(* Let $p(x)=a_mx^m+\cdots+a_0$ be a polynomial with complex coefficients that is not identically zero, and let $\epsilon>0$. Then the function $f(x)=p(x)e^{-|x|^{1+\epsilon}}$ has linearly independent time-frequency translates, i.e. $\mathcal G(f,\mathbb{R}^2)$ is linearly independent.
   Context: For $a,b\in\mathbb{R}$, $M_aT_bf(x)=e^{2\pi i a x}f(x-b)$, and $\mathcal G(f,\mathbb{R}^2)=\{M_aT_bf:a,b\in\mathbb{R}\}$. Measurable functions equal a.e. are identified; $\mathcal G(f,\mathbb{R}^2)$ is linearly independent if every finite linear combination $\sum c_{(a,b)}M_aT_bf$ over distinct pairs $(a,b)$ with coefficients not all zero is not zero almost everywhere. *)

theory Defs
  imports "HOL-Analysis.Analysis" "HOL-Computational_Algebra.Polynomial"
begin

definition MT :: "real \<Rightarrow> real \<Rightarrow> (real \<Rightarrow> complex) \<Rightarrow> real \<Rightarrow> complex" where
  "MT a b f x = exp (2 * pi * \<i> * complex_of_real (a * x)) * f (x - b)"

text \<open>Linear independence of G(f,R^2), with functions identified up to
  Lebesgue-a.e. equality: every finite linear combination over distinct pairs
  that vanishes a.e. has all coefficients zero.\<close>
definition gabor_lin_indep :: "(real \<Rightarrow> complex) \<Rightarrow> bool" where
  "gabor_lin_indep f \<longleftrightarrow>
     (\<forall>S :: (real \<times> real) set. \<forall>c :: real \<times> real \<Rightarrow> complex.
        finite S \<longrightarrow>
        (AE x in lborel. (\<Sum>(a,b)\<in>S. c (a,b) * MT a b f x) = 0) \<longrightarrow>
        (\<forall>ab\<in>S. c ab = 0))"

end

theory Submission
  imports Defs "HOL-Real_Asymp.Real_Asymp" "HOL-Computational_Algebra.Fundamental_Theorem_Algebra"
begin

************

# WHAT IS REQUIRED
Which lines in the records contain the word "functions"? Copy each one.

# WRITTEN SOLUTION
   Context: For $a,b\in\mathbb{R}$, $M_aT_bf(x)=e^{2\pi i a x}f(x-b)$, and $\mathcal G(f,\mathbb{R}^2)=\{M_aT_bf:a,b\in\mathbb{R}\}$. Measurable functions equal a.e. are identified; $\mathcal G(f,\mathbb{R}^2)$ is linearly independent if every finite linear combination $\sum c_{(a,b)}M_aT_bf$ over distinct pairs $(a,b)$ with coefficients not all zero is not zero almost everywhere. *)
text \<open>Linear independence of G(f,R^2), with functions identified up to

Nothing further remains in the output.